Artikel 16: De kantoorhoudende gemeente

  • 1.

    De administratieve voorbereiding en afhandeling van zaken het lichaam betreffende vindt plaats bij de gemeente Terneuzen.

  • 2.

    Ter uitvoering van het vorige lid, wordt tussen het openbaar lichaam en de deelnemer wiens vertegenwoordiger het voorzitterschap van de regeling bekleedt, een overeenkomst gesloten, waarin onder andere een regeling wordt getroffen voor de vergoeding van de door of namens de deelnemer als zodanig voor het openbaar lichaam te maken kosten en voor de wijze, waarop de ambtelijke ondersteuning plaats vindt.
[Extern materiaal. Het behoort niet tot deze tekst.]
lemma H_submoduleD:
  assumes "H_submodule P"
  shows H_submodule_subset_M: "P \<subseteq> M"
    and H_submodule_subgroup: "subgroup P L"
    and H_submodule_gconj: "\<And>h x. h \<in> H \<Longrightarrow> x \<in> P \<Longrightarrow> gconj L h x \<in> P"
  using assms by (auto simp: H_submodule_def)

lemma H_submodule_gcomm:
  assumes P: "H_submodule P" and m: "m \<in> P" and h: "h \<in> H"
  shows "gcomm L m h \<in> P"
proof -
  have "m \<in> carrier L" using m H_submodule_subset_M[OF P] M.subset by blast
  then show ?thesis
    using subgroup.m_closed[OF H_submodule_subgroup[OF P]]
      subgroup.m_inv_closed[OF H_submodule_subgroup[OF P]] H_submodule_gconj[OF P h m] m h
    by (simp add: gcomm_eq_inv_mult_gconj)
qed

lemma H_submodule_left_normed_comm:
  "H_submodule P \<Longrightarrow> m \<in> P \<Longrightarrow> set ys \<subseteq> H \<Longrightarrow> left_normed_comm L m ys \<in> P"
  by (induction ys arbitrary: m) (auto simp: H_submodule_gcomm)

lemma H_submodule_trivial: "H_submodule {\<one>}"
  by (simp add: H_submodule_def triv_subgroup M.one_closed)

lemma H_submodule_generate:
  assumes S: "S \<subseteq> M" and S_invariant: "\<And>h x. h \<in> H \<Longrightarrow> x \<in> S \<Longrightarrow> gconj L h x \<in> S"
  shows "H_submodule (generate L S)"
proof -
  have S_carrier: "S \<subseteq> carrier L" using S M.subset by blast
  have "gconj L h x \<in> generate L S" if "x \<in> generate L S" "h \<in> H" for h x
    using that(1)
  proof induction
    case one
    then show ?case using that(2) by (simp add: generate.one)
  next
    case (incl x)
    then show ?case using S_invariant that(2) by (simp add: generate.incl)
  next
    case (inv x)
    then have "x \<in> carrier L" "h \<in> carrier L" using S_carrier that(2) by auto
    then have "gconj L h (inv x) = inv (gconj L h x)" by (simp add: gconj_inv)
    then show ?case
      using generate.inv[OF S_invariant[OF that(2) inv]] by simp
  next
    case (eng x y)
    then have "x \<in> carrier L" "y \<in> carrier L" "h \<in> carrier L"
      using that(2) generate_incl[OF S_carrier] by auto
    then show ?case
      using generate.eng[OF eng.IH] by (simp add: gconj_mult)
  qed
  then show ?thesis
    unfolding H_submodule_def
    using S generate_is_subgroup[OF S_carrier] generate_subgroup_incl[OF _ M.subgroup_axioms]
    by blast
qed

lemma H_orbit_subset_M: "a \<in> M \<Longrightarrow> H_orbit a \<subseteq> M"
  unfolding H_orbit_def using gconj_closed_M H.mem_carrier by blast

lemma mem_H_orbit_self: "a \<in> M \<Longrightarrow> a \<in> H_orbit a"
  unfolding H_orbit_def by (rule image_eqI[of _ _ \<one>]) (simp_all add: M.mem_carrier H.one_closed)

lemma gconj_H_orbit:
  assumes a: "a \<in> M" and h: "h \<in> H" and x: "x \<in> H_orbit a"
  shows "gconj L h x \<in> H_orbit a"
proof -
  obtain g where g: "g \<in> H" "x = gconj L g a" using x unfolding H_orbit_def by blast
  then have "gconj L h x = gconj L (g \<otimes> h) a"
    using a h by (simp add: gconj_gconj M.mem_carrier H.mem_carrier)
  then show ?thesis
    unfolding H_orbit_def using g(1) h H.m_closed by blast
qed

lemma H_submodule_span: "a \<in> M \<Longrightarrow> H_submodule (generate L (H_orbit a))"
  using H_submodule_generate[of "H_orbit a"] H_orbit_subset_M gconj_H_orbit by blast

lemma H_submodule_span_Un:
  assumes "H_submodule Q" "a \<in> M"
  shows "H_submodule (generate L (Q \<union> H_orbit a))"
proof (rule H_submodule_generate)
  show "Q \<union> H_orbit a \<subseteq> M"
    using assms H_submodule_subset_M H_orbit_subset_M by blast
  show "gconj L h x \<in> Q \<union> H_orbit a" if "h \<in> H" "x \<in> Q \<union> H_orbit a" for h x
    using assms that H_submodule_gconj gconj_H_orbit by blast
qed

lemma action_kernel_subgroup:
  assumes P: "H_submodule P" and Q: "H_submodule Q"
  shows "subgroup (action_kernel P Q) L"
proof (rule subgroupI)
  show "action_kernel P Q \<subseteq> carrier L"
    unfolding action_kernel_def using H.mem_carrier by auto
  show "action_kernel P Q \<noteq> {}"
  proof -
    have "gcomm L m \<one> = \<one>" if "m \<in> P" for m
      using that H_submodule_subset_M[OF P] M.mem_carrier by auto
    then have "\<one> \<in> action_kernel P Q"
      unfolding action_kernel_def
      using H.one_closed subgroup.one_closed[OF H_submodule_subgroup[OF Q]] by auto
    then show ?thesis by blast
  qed
next
  fix g g' assume g: "g \<in> action_kernel P Q" and g': "g' \<in> action_kernel P Q"
  have carr: "g \<in> carrier L" "g' \<in> carrier L" "m \<in> carrier L" if "m \<in> P" for m
    using g g' that H_submodule_subset_M[OF P] H.mem_carrier M.mem_carrier
    unfolding action_kernel_def by auto
  show "inv g \<in> action_kernel P Q"
    unfolding action_kernel_def
  proof (intro CollectI conjI ballI)
    show "inv g \<in> H" using g H.m_inv_closed by (simp add: action_kernel_def)
    fix m assume "m \<in> P"
    then have "gcomm L m g \<in> Q" using g by (simp add: action_kernel_def)
    then show "gcomm L m (inv g) \<in> Q"
      using \<open>m \<in> P\<close> carr g H.m_inv_closed H_submodule_gconj[OF Q]
        subgroup.m_inv_closed[OF H_submodule_subgroup[OF Q]]
      by (simp add: gcomm_inv_right action_kernel_def)
  qed
  show "g \<otimes> g' \<in> action_kernel P Q"
    unfolding action_kernel_def
  proof (intro CollectI conjI ballI)
    show "g \<otimes> g' \<in> H" using g g' H.m_closed by (simp add: action_kernel_def)
    fix m assume "m \<in> P"
    then show "gcomm L m (g \<otimes> g') \<in> Q"
      using carr g g' H_submodule_gconj[OF Q] subgroup.m_closed[OF H_submodule_subgroup[OF Q]]
      by (simp add: gcomm_mult_right action_kernel_def)
  qed
qed

lemma gconj_action_kernel:
  assumes P: "H_submodule P" and Q: "H_submodule Q" and g: "g \<in> action_kernel P Q" and h: "h \<in> H"
  shows "gconj L h g \<in> action_kernel P Q"
  unfolding action_kernel_def
proof (intro CollectI conjI ballI)
  have g_H: "g \<in> H" using g by (simp add: action_kernel_def)
  then show "gconj L h g \<in> H" using h by (simp add: gconj_def H.m_closed H.m_inv_closed)
  fix m assume m: "m \<in> P"
  have m': "gconj L (inv h) m \<in> P" using H_submodule_gconj[OF P] h H.m_inv_closed m by blast
  have "m \<in> carrier L" using m H_submodule_subset_M[OF P] M.mem_carrier by blast
  then have "gcomm L m (gconj L h g) = gconj L h (gcomm L (gconj L (inv h) m) g)"
    using h g_H by (simp add: gconj_gcomm)
  then show "gcomm L m (gconj L h g) \<in> Q"
    using m' g h H_submodule_gconj[OF Q] by (simp add: action_kernel_def)
qed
HOOFDSTUK 6: INLICHTINGEN, VERANTWOORDING EN ONTSLAG

Artikel 17: Intern

  • 1.

    De leden van het dagelijks bestuur zijn, samen en ieder afzonderlijk, aan het algemeen bestuur verantwoording verschuldigd voor het door hen gevoerde bestuur.

  • 2.

    Zij geven ongevraagd aan het algemeen bestuur alle informatie die voor een juiste beoordeling van het door het dagelijks bestuur te voeren en gevoerde bestuur nodig is.

  • 3.

    Zij geven samen, dan wel afzonderlijk, aan het algemeen bestuur, wanneer dit bestuur of een of meer leden daarvan hierom verzoeken, alle gevraagde inlichtingen.

  • 4.

    Een lid van het dagelijks bestuur kan door het algemeen bestuur worden ontslagen, als dit lid niet meer het vertrouwen van het algemeen bestuur bezit. In dit geval is het bepaalde in artikel 49 en verder van de Gemeentewet van overeenkomstige toepassing.

  • 5.

    De leden 1 tot en met 4 zijn van overeenkomstige toepassing op de voorzitter voor het door hem gevoerde bestuur.
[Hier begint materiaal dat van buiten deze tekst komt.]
(* Fix a constant $c>0$ and a sequence of finite $d$-regular graphs $(G_d)_{d\in\mathbb{N}}$; let $p=c/d$ and let $G_{d,p}$ be the random spanning subgraph of $G_d$ obtained by retaining each edge independently with probability $p$. Then for every $r\in\mathbb{N}$, for every sufficiently large $d\in\mathbb{N}$ and every vertex $u$ of $G_d$, $$d_{\mathrm{TV}}\big(B^r_{G_{d,p}}[u],\ \mathrm{GW}^r_c\big)\le (\log d)^r d^{-1/2},$$ where the total variation distance is between the laws of these random rooted graphs (up to rooted isomorphism).
   Context: For a graph $H$, a vertex $v$ and $r\ge0$, $B^r_H[v]$ is the subgraph of $H$ induced by the vertices at distance at most $r$ from $v$, rooted at $v$. $\mathrm{GW}_c$ is the Galton–Watson tree rooted at $o$ with offspring distribution $\mathrm{Po}(c)$, and $\mathrm{GW}^r_c$ is its subtree induced by the vertices at distance at most $r$ from $o$, rooted at $o$. For distributions $\mu_1,\mu_2$ on a countable set, $d_{\mathrm{TV}}(\mu_1,\mu_2)=\frac12\sum_\omega|\mu_1(\omega)-\mu_2(\omega)|$. Logarithms are natural. *)

theory Defs
  imports "HOL-Probability.Probability"
begin

definition simple_graph :: "'a set \<Rightarrow> 'a set set \<Rightarrow> bool" where
  "simple_graph V E \<longleftrightarrow> finite V \<and>
     (\<forall>e\<in>E. \<exists>x y. x \<noteq> y \<and> x \<in> V \<and> y \<in> V \<and> e = {x, y})"

definition regular :: "'a set \<Rightarrow> 'a set set \<Rightarrow> nat \<Rightarrow> bool" where
  "regular V E d \<longleftrightarrow> (\<forall>v\<in>V. card {e\<in>E. v \<in> e} = d)"

type_synonym 'a rgraph = "'a set \<times> 'a set set \<times> 'a"

definition rooted_iso :: "'a rgraph \<Rightarrow> 'b rgraph \<Rightarrow> bool" where
  "rooted_iso G H \<longleftrightarrow> (case G of (V, E, o1) \<Rightarrow> case H of (V', E', o2) \<Rightarrow>
     \<exists>f. bij_betw f V V' \<and> f o1 = o2 \<and> E' = (\<lambda>e. f ` e) ` E)"

(* rooted isomorphism class, represented as the set of all rooted graphs on nat
   rooted-isomorphic to G (a common countable outcome space for all laws) *)
definition rclass :: "'a rgraph \<Rightarrow> nat rgraph set" where
  "rclass G = {H. rooted_iso G H}"

inductive walk :: "'a set set \<Rightarrow> nat \<Rightarrow> 'a \<Rightarrow> 'a \<Rightarrow> bool" for E where
  walk0: "walk E 0 u u"
| walkS: "walk E k u v \<Longrightarrow> {v, w} \<in> E \<Longrightarrow> walk E (Suc k) u w"

definition ball :: "'a set \<Rightarrow> 'a set set \<Rightarrow> 'a \<Rightarrow> nat \<Rightarrow> 'a rgraph" where
  "ball V E u r = (let B = {v\<in>V. \<exists>k\<le>r. walk E k u v} in (B, {e\<in>E. e \<subseteq> B}, u))"

definition percolation :: "'a set set \<Rightarrow> real \<Rightarrow> 'a set set pmf" where
  "percolation E p = map_pmf (\<lambda>f. {e\<in>E. f e}) (Pi_pmf E False (\<lambda>_. bernoulli_pmf p))"

(* Galton-Watson tree with Po(c) offspring, truncated at depth r, as a random set of
   Ulam-Harris words (prefix-closed; children of the root are [i], i < N) *)
fun gw_words :: "real \<Rightarrow> nat \<Rightarrow> nat list set pmf" where
  "gw_words c 0 = return_pmf {[]}"
| "gw_words c (Suc r) =
     bind_pmf (poisson_pmf c) (\<lambda>n.
       map_pmf (\<lambda>S. insert [] (\<Union>i<n. (\<lambda>w. i # w) ` S i))
         (Pi_pmf {..<n} {} (\<lambda>_. gw_words c r)))"

definition word_tree :: "nat list set \<Rightarrow> nat list rgraph" where
  "word_tree S = (S, {{butlast w, w} | w. w \<in> S \<and> w \<noteq> []}, [])"

definition GW_trunc :: "real \<Rightarrow> nat \<Rightarrow> nat list rgraph pmf" where
  "GW_trunc c r = map_pmf word_tree (gw_words c r)"

definition dTV :: "'a pmf \<Rightarrow> 'a pmf \<Rightarrow> real" where
  "dTV \<mu> \<nu> = (1/2) * (\<Sum>\<^sub>\<infinity>\<omega>. \<bar>pmf \<mu> \<omega> - pmf \<nu> \<omega>\<bar>)"

end

(*
  Realise the Galton-Watson tree as a random set W of Ulam-Harris words; its law is
  P(W) = prod over inner nodes x of Po(c)(n_x), with n_x the number of children of x.
  For a tree W with |W|^2 small compared to d and an ordered embedding phi of W into G_d rooted
  at u, consider the event that among the edges at images of inner nodes and the edges spanned
  by phi(W), exactly the tree edges are retained.  On this event the r-ball of u is isomorphic
  to W, and different pairs (W, phi) give disjoint events.  There are at least
  prod_x binom(d - |W|, n_x) ordered embeddings and each event has probability at least
  p^(|W| - 1) (1 - p)^(d #inner + |W|^2), so with p = c/d their total probability is at least
  P(W) (1 - O(|W|^2 / d)).  Hence d_TV is at most the missing mass O(E 4^|W| / d) = O(1/d),
  which is eventually below (log d)^r d^(-1/2).
*)
theory Submission
  imports Defs
begin

section \<open>Galton-Watson trees as sets of Ulam-Harris words\<close>

definition n_children :: "nat list set \<Rightarrow> nat list \<Rightarrow> nat" where
  "n_children W x = card {j. x @ [j] \<in> W}"

definition ulam_tree :: "nat \<Rightarrow> nat list set \<Rightarrow> bool" where
  "ulam_tree r W \<longleftrightarrow> finite W \<and> [] \<in> W \<and> (\<forall>w\<in>W. length w \<le> r) \<and>
     (\<forall>w\<in>W. w \<noteq> [] \<longrightarrow> butlast w \<in> W) \<and>
     (\<forall>x\<in>W. {j. x @ [j] \<in> W} = {..<n_children W x})"

definition inner_nodes :: "nat \<Rightarrow> nat list set \<Rightarrow> nat list set" where
  "inner_nodes r W = {x\<in>W. length x < r}"

definition graft :: "nat \<Rightarrow> (nat \<Rightarrow> nat list set) \<Rightarrow> nat list set" where
  "graft n S = insert [] (\<Union>i<n. (\<lambda>w. i # w) ` S i)"

lemma n_children_eqI: "{j. x @ [j] \<in> W} = {..<m} \<Longrightarrow> n_children W x = m"
  by (simp add: n_children_def)

lemma ulam_tree_finite: "ulam_tree r W \<Longrightarrow> finite W"
  by (simp add: ulam_tree_def)

lemma ulam_tree_Nil: "ulam_tree r W \<Longrightarrow> [] \<in> W"
  by (simp add: ulam_tree_def)

lemma ulam_tree_length: "ulam_tree r W \<Longrightarrow> w \<in> W \<Longrightarrow> length w \<le> r"
  by (simp add: ulam_tree_def)

lemma ulam_tree_butlast: "ulam_tree r W \<Longrightarrow> w \<in> W \<Longrightarrow> w \<noteq> [] \<Longrightarrow> butlast w \<in> W"
  by (simp add: ulam_tree_def)

lemma ulam_tree_snocD: "ulam_tree r W \<Longrightarrow> x @ [j] \<in> W \<Longrightarrow> x \<in> W"
  using ulam_tree_butlast[of r W "x @ [j]"] by simp

lemma ulam_tree_snoc_iff: "ulam_tree r W \<Longrightarrow> x \<in> W \<Longrightarrow> x @ [j] \<in> W \<longleftrightarrow> j < n_children W x"
  by (auto simp: ulam_tree_def)

lemma inner_nodes_iff [simp]: "x \<in> inner_nodes r W \<longleftrightarrow> x \<in> W \<and> length x < r"
  by (simp add: inner_nodes_def)

lemma finite_inner_nodes: "ulam_tree r W \<Longrightarrow> finite (inner_nodes r W)"
  by (simp add: inner_nodes_def ulam_tree_finite)

lemma graft_Cons_iff [simp]: "i # x \<in> graft n S \<longleftrightarrow> i < n \<and> x \<in> S i"
  by (auto simp: graft_def)

lemma Nil_in_graft [simp]: "[] \<in> graft n S"
  by (simp add: graft_def)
Artikel 18: Informatieverstrekking door het algemeen en dagelijks bestuur

  • 1.

    Het algemeen en het dagelijks bestuur geven aan de raden van de deelnemende gemeenten ongevraagd alle informatie die voor een juiste beoordeling van het door het bestuur gevoerde en te voeren beleid nodig is.

  • 2.

    Het algemeen en het dagelijks bestuur verstrekken aan de raden van de deelnemende gemeenten alle inlichtingen die door een of meer raden worden verlangd.

  • 3.

    Die informatie wordt in dat geval ook verstrekt aan de overige raden.
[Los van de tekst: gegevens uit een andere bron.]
text \<open>Equalizer in CompOrd.  HOL cannot quantify over types inside a formula, so the universal
  property is stated for test objects Z whose points are of a given type 'z.\<close>

definition is_equalizer_wrt :: "'z itself \<Rightarrow>
    'e topology \<Rightarrow> ('e \<Rightarrow> 'e \<Rightarrow> bool) \<Rightarrow> 'x topology \<Rightarrow> ('x \<Rightarrow> 'x \<Rightarrow> bool) \<Rightarrow>
    'y topology \<Rightarrow> ('y \<Rightarrow> 'y \<Rightarrow> bool) \<Rightarrow> ('e \<Rightarrow> 'x) \<Rightarrow> ('x \<Rightarrow> 'y) \<Rightarrow> ('x \<Rightarrow> 'y) \<Rightarrow> bool" where
  "is_equalizer_wrt _ TE leE TX leX TY leY h f g \<longleftrightarrow>
     compord TE leE \<and> compord_mor TE leE TX leX h \<and>
     (\<forall>e\<in>topspace TE. f (h e) = g (h e)) \<and>
     (\<forall>(TZ :: 'z topology) leZ z.
        compord TZ leZ \<and> compord_mor TZ leZ TX leX z \<and> (\<forall>w\<in>topspace TZ. f (z w) = g (z w)) \<longrightarrow>
        (\<exists>u. compord_mor TZ leZ TE leE u \<and> (\<forall>w\<in>topspace TZ. h (u w) = z w) \<and>
             (\<forall>u'. compord_mor TZ leZ TE leE u' \<and> (\<forall>w\<in>topspace TZ. h (u' w) = z w) \<longrightarrow>
                   (\<forall>w\<in>topspace TZ. u' w = u w))))"

end

theory Submission
  imports Defs
begin

text \<open>The convex Vietoris space of a compact ordered space is again one: Nachbin's
  separation of closed upsets from closed downsets separates Egli--Milner-incomparable convex
  sets by subbasic open sets, which gives the Hausdorff property and the closedness of the
  order, and Alexander's subbase theorem gives compactness.

  The equalizer h embeds E order-isomorphically onto the set where f and g agree, so
  V h reflects the order; a morphism from a compact ordered space that reflects the order
  is a closed embedding through which every morphism landing in its image factors uniquely.
  It remains to show that every closed convex L with V f L = V g L lies in the image
  of V h.  If m is minimal in L, then f m lies above some g l; applying the common
  retraction k gives l \<le> m, so l = m and g m \<le> f m, and symmetrically f m \<le> g m.  Dually
  maximal points of L are equalized.  By Zorn's lemma and compactness every point of L lies
  between a minimal and a maximal point of L, so L is the convex hull of its part inside the
  equalizer, i.e. L = V h (the preimage of L under h).\<close>

section \<open>Reversing the order\<close>

text \<open>Reversing the order exchanges up- and down-closures but leaves the convex Vietoris
  construction unchanged; the downward halves of the lemmas below are obtained by interpreting
  the upward ones for the reversed order.\<close>

lemma upc_conversep: "upc T le\<inverse>\<inverse> A = downc T le A"
  and downc_conversep: "downc T le\<inverse>\<inverse> A = upc T le A"
  by (auto simp: upc_def downc_def)

lemma updownc_conversep: "updownc T le\<inverse>\<inverse> A = updownc T le A"
  by (auto simp: updownc_def upc_conversep downc_conversep)

lemma is_upset_conversep: "is_upset T le\<inverse>\<inverse> U \<longleftrightarrow> is_downset T le U"
  and is_downset_conversep: "is_downset T le\<inverse>\<inverse> U \<longleftrightarrow> is_upset T le U"
  by (simp_all add: is_upset_def is_downset_def upc_conversep downc_conversep)

lemma open_updown_conversep: "open_updown T le\<inverse>\<inverse> = open_updown T le"
  by (auto simp: open_updown_def is_upset_conversep is_downset_conversep fun_eq_iff)

lemma vc_set_conversep: "vc_set T le\<inverse>\<inverse> = vc_set T le"
  by (auto simp: vc_set_def convex_set_def)

lemma vc_top_conversep: "vc_top T le\<inverse>\<inverse> = vc_top T le"
  by (simp add: vc_top_def vc_diamond_def vc_box_def vc_set_conversep open_updown_conversep)

lemma vc_le_conversep: "vc_le T le\<inverse>\<inverse> K L \<longleftrightarrow> vc_le T le L K"
  by (auto simp: vc_le_def upc_conversep downc_conversep)

lemma vc_map_conversep: "vc_map S le\<inverse>\<inverse> f = vc_map S le f"
  by (simp add: vc_map_def updownc_conversep fun_eq_iff)

lemma compord_mor_conversep:
  "compord_mor T le\<inverse>\<inverse> S le'\<inverse>\<inverse> f \<longleftrightarrow> compord_mor T le S le' f"
  by (auto simp: compord_mor_def)

lemma compord_conversep:
  assumes "compord T le" shows "compord T le\<inverse>\<inverse>"
proof -
  let ?G = "{(x, y). x \<in> topspace T \<and> y \<in> topspace T \<and> le x y}"
  have "{(x, y). x \<in> topspace T \<and> y \<in> topspace T \<and> le\<inverse>\<inverse> x y}
      = {p \<in> topspace (prod_topology T T). (\<lambda>(x, y). (y, x)) p \<in> ?G}"
    by auto
  moreover have "closedin (prod_topology T T) {p \<in> topspace (prod_topology T T). (\<lambda>(x, y). (y, x)) p \<in> ?G}"
    using closedin_continuous_map_preimage[OF homeomorphic_imp_continuous_map[OF homeomorphic_map_swap]]
      assms unfolding compord_def by blast
  ultimately have "closedin (prod_topology T T) {(x, y). x \<in> topspace T \<and> y \<in> topspace T \<and> le\<inverse>\<inverse> x y}"
    by simp
  with assms show ?thesis
    unfolding compord_def conversep_iff by (intro conjI ballI impI) (blast | simp)+
qed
Artikel 19: Informatieverstrekking door individuele leden van het algemeen bestuur

  • 1.

    Een lid of een plaatsvervangend lid van het algemeen bestuur is aan de raad door wie hij is benoemd, met inachtneming van het bepaalde in artikel 16 Wgr, verantwoording verschuldigd voor het door hem in dat bestuur gevoerde beleid en wel op de in het reglement van orde voor de vergaderingen van de raad aangegeven wijze.

  • 2.

    Een lid of een plaatsvervangend lid van het algemeen bestuur kan door de raad waarbinnen dit lid functioneert, worden ontslagen, indien dit lid niet meer het vertrouwen van de raad bezit. Op het ontslagbesluit is artikel 8:1 van de Algemene wet bestuursrecht van toepassing.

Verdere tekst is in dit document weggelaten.